◆ Requirement
Lines from the one containing "digit l (normk F mT \<alpha>" through the last line of the data are to be repeated word for word, both ends included.

Collected data
lemma digit_block:
  assumes e: "e < mT l - rT (Suc l)"
  shows "digit (Suc l) (rT (Suc l) + I * (mT l - rT (Suc l)) + e) =
    (if odd I \<and> e \<notin> set_decode (I div 2)
     then - int (rT (Suc l) + I * (mT l - rT (Suc l)) + e) - 1
     else int (rT (Suc l) + I * (mT l - rT (Suc l)) + e))"
proof -
  define d where "d = mT l - rT (Suc l)"
  have "(e + I * d) div d = I" "(e + I * d) mod d = e" using e unfolding d_def by auto
  moreover have "digit (Suc l) q = (if q < rT (Suc l) then int q else
     if odd ((q - rT (Suc l)) div d) \<and> (q - rT (Suc l)) mod d \<notin> set_decode (((q - rT (Suc l)) div d) div 2)
     then - int q - 1 else int q)" for q
    unfolding digit_def d_def by simp
  ultimately show ?thesis unfolding d_def[symmetric] by (simp add: add.commute)
qed

locale entangling_scheme = construction_scheme F mT nT rT for F :: "'a::linorder set set" +
  assumes capturing: "fully_capturing F mT nT rT" and uncountable_UNIV: "uncountable (UNIV::'a set)"
begin

definition embed :: "'a \<Rightarrow> real" where
  "embed \<alpha> = (\<Sum>k. real_of_int (digit k (normk F mT \<alpha> k)) * lex_weight mT k)"

lemma embed_less:
  "(\<And>k. k < l \<Longrightarrow> normk F mT \<alpha> k = normk F mT \<beta> k) \<Longrightarrow>
   digit l (normk F mT \<alpha> l) < digit l (normk F mT \<beta> l) \<Longrightarrow> embed \<alpha> < embed \<beta>"
  unfolding embed_def by (rule lex_series_less) (auto intro: abs_digit_le normk_less_m)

◆ Your solution
   digit l (normk F mT \<alpha> l) < digit l (normk F mT \<beta> l) \<Longrightarrow> embed \<alpha> < embed \<beta>"
  unfolding embed_def by (rule lex_series_less) (auto intro: abs_digit_le normk_less_m)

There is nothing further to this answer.